■ Task prompt: Please reproduce, exactly and with nothing added, the line containing "by (rule set_integrable_subset[OF" and every line after it to the end of the records.

:: Supplied records ::

lemma Re_exp_mult_one_minus_exp:
  "Re (exp (- \<i> * t) * (z * (1 - exp (- \<i> * s))))
     = cmod z * (sin (Arg (\<i> * z) - t) - sin (Arg (\<i> * z) - (t + s)))"
proof -
  have polar: "Re (exp (- (\<i> * y)) * z) = cmod z * sin (Arg (\<i> * z) - y)" for y :: real
  proof -
    have "rcis (cmod z) (Arg (\<i> * z)) = \<i> * z"
      using rcis_cmod_Arg[of "\<i> * z"] by (simp add: norm_mult)
    then have "Re z = cmod z * sin (Arg (\<i> * z))" "Im z = - cmod z * cos (Arg (\<i> * z))"
      by (simp_all add: complex_eq_iff)
    then show ?thesis
      by (simp add: Re_exp Im_exp sin_diff algebra_simps)
  qed
  have "exp (- \<i> * t) * (z * (1 - exp (- \<i> * s)))
      = exp (- (\<i> * t)) * z - exp (- (\<i> * complex_of_real (t + s))) * z"
    by (simp add: algebra_simps flip: exp_add)
  then show ?thesis
    by (simp only: minus_complex.sel polar right_diff_distrib)
qed

lemma set_integral_Icc_eq_Ico:
  fixes f :: "real \<Rightarrow> real"
  assumes "set_integrable lborel {u..v} f"
  shows "(LINT x:{u..v}|lborel. f x) = (LINT x:{u..<v}|lborel. f x)"
proof -
  have "set_integrable lborel {u..<v} f"
    by (rule set_integrable_subset[OF assms]) auto
  then have "set_borel_measurable lborel {u..<v} f" "set_borel_measurable lborel {u..v} f"
    using assms unfolding set_integrable_def set_borel_measurable_def by (auto dest: borel_measurable_integrable)
  moreover have "AE x in lborel. (x \<in> {u..<v}) = (x \<in> {u..v})"
    using AE_lborel_singleton[of v] by (auto elim!: eventually_mono)
  ultimately show ?thesis
    by (rule set_integral_cong_set)
qed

:::

■ Response to this task:
    by (rule set_integrable_subset[OF assms]) auto
  then have "set_borel_measurable lborel {u..<v} f" "set_borel_measurable lborel {u..v} f"
    using assms unfolding set_integrable_def set_borel_measurable_def by (auto dest: borel_measurable_integrable)
  moreover have "AE x in lborel. (x \<in> {u..<v}) = (x \<in> {u..v})"
    using AE_lborel_singleton[of v] by (auto elim!: eventually_mono)
  ultimately show ?thesis
    by (rule set_integral_cong_set)
qed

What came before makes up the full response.